Indonesia and the United States have signed the Agreement toward a New Golden Age US–Indonesia Alliance. One of the most discussed points is the reported exception related to halal certification for U.S. products. The government has since clarified that foreign products entering Indonesia must still obtain halal certification and display halal labels, whether issued by recognized halal institutions in the United States or by Indonesian authorities.
However, the core issue is not whether U.S. products are halal.
The real concern arises when halal regulations begin to feature in international trade negotiations. In other words, halal obligations risk being treated as components of trade agreements rather than as sovereign regulatory mandates.
This matters because the halal economy is not marginal. The global halal market is projected to reach approximately USD 1.3 trillion, or around IDR 20,670 trillion, by 2025.
At the same time, Indonesia currently ranks third in the global halal industry ecosystem and is home to the largest Muslim population in the world. Structurally, this gives Indonesia a significant opportunity to position itself as a global production and export hub for halal products.
That opportunity weakens if Indonesia primarily functions as a market. In practical terms, this means halal products from various countries enter to meet domestic demand, while the local halal industry does not develop as robustly as it could.
This leads to a critical question: if halal certification becomes part of trade negotiations, will the obligation continue to apply equally to all products? Or will Indonesia gradually become a destination market for foreign products that already carry halal labels from their home countries?
Indonesia already has a clear legal foundation through Undang-Undang Nomor 33 Tahun 2014 tentang Jaminan Produk Halal, implemented by Badan Penyelenggara Jaminan Produk Halal (BPJPH). The principle has been firm: halal certification is a form of consumer protection and a state obligation, not merely a commercial option.
Yet in global trade practice, the approach can shift. When halal standards are discussed within trade agreements, their status may gradually move from regulatory requirement to market preference.

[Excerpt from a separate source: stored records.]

(* Let $M$ be a $d$-disk system and let $\lambda,\lambda'\ge0$ satisfy $\sqrt{2d/(d+1)}\,\lambda'\le\lambda$. Then $$\mathcal{VR}_M(\lambda')\subseteq\mathscr C_M(\lambda)\subseteq\mathcal{VR}_M(\lambda).$$
   Context: A $d$-disk system is a finite collection $M=\{D(c_i;r_i)\}_{i=1}^m$ of closed Euclidean balls in $\mathbb R^d$ with $r_i>0$. For $\lambda\ge0$: $\mathscr C_M(\lambda)$ is the set of nonempty subsets $\sigma\subseteq M$ such that $\bigcap_{D(c_i;r_i)\in\sigma}D(c_i;\lambda r_i)\ne\emptyset$ (generalized Čech complex at scale $\lambda$), and $\mathcal{VR}_M(\lambda)$ is the set of nonempty subsets $\sigma\subseteq M$ such that $D(c_i;\lambda r_i)\cap D(c_j;\lambda r_j)\neq\emptyset$ for all $D(c_i;r_i),D(c_j;r_j)\in\sigma$ (generalized Vietoris–Rips complex at scale $\lambda$). *)

theory Defs
  imports "HOL-Analysis.Analysis"
begin

text \<open>A disk system in a Euclidean space 'a (of dimension DIM('a) = d) is a finite
  set of (center, radius) pairs with positive radii; the pair (c,r) stands for
  the closed ball cball c r.\<close>

definition disk_system :: "('a::euclidean_space \<times> real) set \<Rightarrow> bool" where
  "disk_system M \<longleftrightarrow> finite M \<and> (\<forall>(c, r) \<in> M. r > 0)"

definition gen_cech :: "('a::euclidean_space \<times> real) set \<Rightarrow> real \<Rightarrow> ('a \<times> real) set set" where
  "gen_cech M lam = {\<sigma>. \<sigma> \<noteq> {} \<and> \<sigma> \<subseteq> M \<and>
      (\<Inter>(c, r) \<in> \<sigma>. cball c (lam * r)) \<noteq> {}}"

definition gen_VR :: "('a::euclidean_space \<times> real) set \<Rightarrow> real \<Rightarrow> ('a \<times> real) set set" where
  "gen_VR M lam = {\<sigma>. \<sigma> \<noteq> {} \<and> \<sigma> \<subseteq> M \<and>
      (\<forall>(c, r) \<in> \<sigma>. \<forall>(c', r') \<in> \<sigma>. cball c (lam * r) \<inter> cball c' (lam * r') \<noteq> {})}"

end

theory Submission
  imports Defs
begin

text \<open>The inclusion of the Cech complex in the Vietoris--Rips complex is immediate. For the
  other one, take a simplex whose balls pairwise meet at scale \<open>l\<close> and the smallest scale
  \<open>t\<close> at which all its balls share a point \<open>x\<close>. Minimality forces \<open>x\<close> into the convex hull of
  the centres \<open>c\<close> whose scaled balls have \<open>x\<close> on their boundary, \<open>dist c x = t * r\<close>; by
  Caratheodory at most \<open>d + 1\<close> of them suffice. Expanding \<open>\<parallel>\<Sum> w\<^sub>c (c - x)\<parallel>\<^sup>2 = 0\<close> with the
  pairwise bounds \<open>dist c c' \<le> l (r + r')\<close> and Cauchy--Schwarz then gives
  \<open>t\<^sup>2 n \<le> 2 l\<^sup>2 (n - 1)\<close> for \<open>n \<le> d + 1\<close> active centres, i.e. \<open>t \<le> sqrt (2d/(d+1)) l\<close>.\<close>

definition scaled_inter :: "('a::euclidean_space \<times> real) set \<Rightarrow> real \<Rightarrow> 'a set" where
  "scaled_inter \<sigma> t = (\<Inter>(c, r)\<in>\<sigma>. cball c (t * r))"

lemma mem_scaled_inter: "x \<in> scaled_inter \<sigma> t \<longleftrightarrow> (\<forall>(c, r)\<in>\<sigma>. dist c x \<le> t * r)"
  by (auto simp: scaled_inter_def)

lemma scaled_inter_mono:
  assumes "\<forall>(c, r)\<in>\<sigma>. r > 0" and "t \<le> s"
  shows "scaled_inter \<sigma> t \<subseteq> scaled_inter \<sigma> s"
  using assms by (fastforce simp: mem_scaled_inter intro: order_trans mult_right_mono)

In such a scenario, foreign products continue to enter the market, while halal labeling functions primarily as a value proposition to attract Muslim consumers in Indonesia.
If policy direction evolves this way, Indonesia indirectly positions itself as a market for global halal products rather than as a leading industry player. This is particularly significant given Indonesia’s demographic advantage and its potential to become both a production center and an exporter of halal goods.
Ultimately, what is at stake is not simplythe certification procedure. It is Indonesia’s position within the global halal economy. Will the country lead the industry and shape its standards, or will it serve primarily as a large consumer base for halal products produced elsewhere?
This issue is equally important for local businesses. For them, halal certification is not merely a label. It involves audits, raw material adjustments, production changes, periodic documentation updates, and associated costs. If imported products are perceived to receive greater flexibility, the debate moves beyond religion and into the realm of competitive fairness.
When halal policy repeatedly becomes part of trade transactions, Indonesia risks drifting toward the role of market rather than industry leader. The strategic choice lies in whether halal remains a firm regulatory pillar or becomes a negotiable trade variable.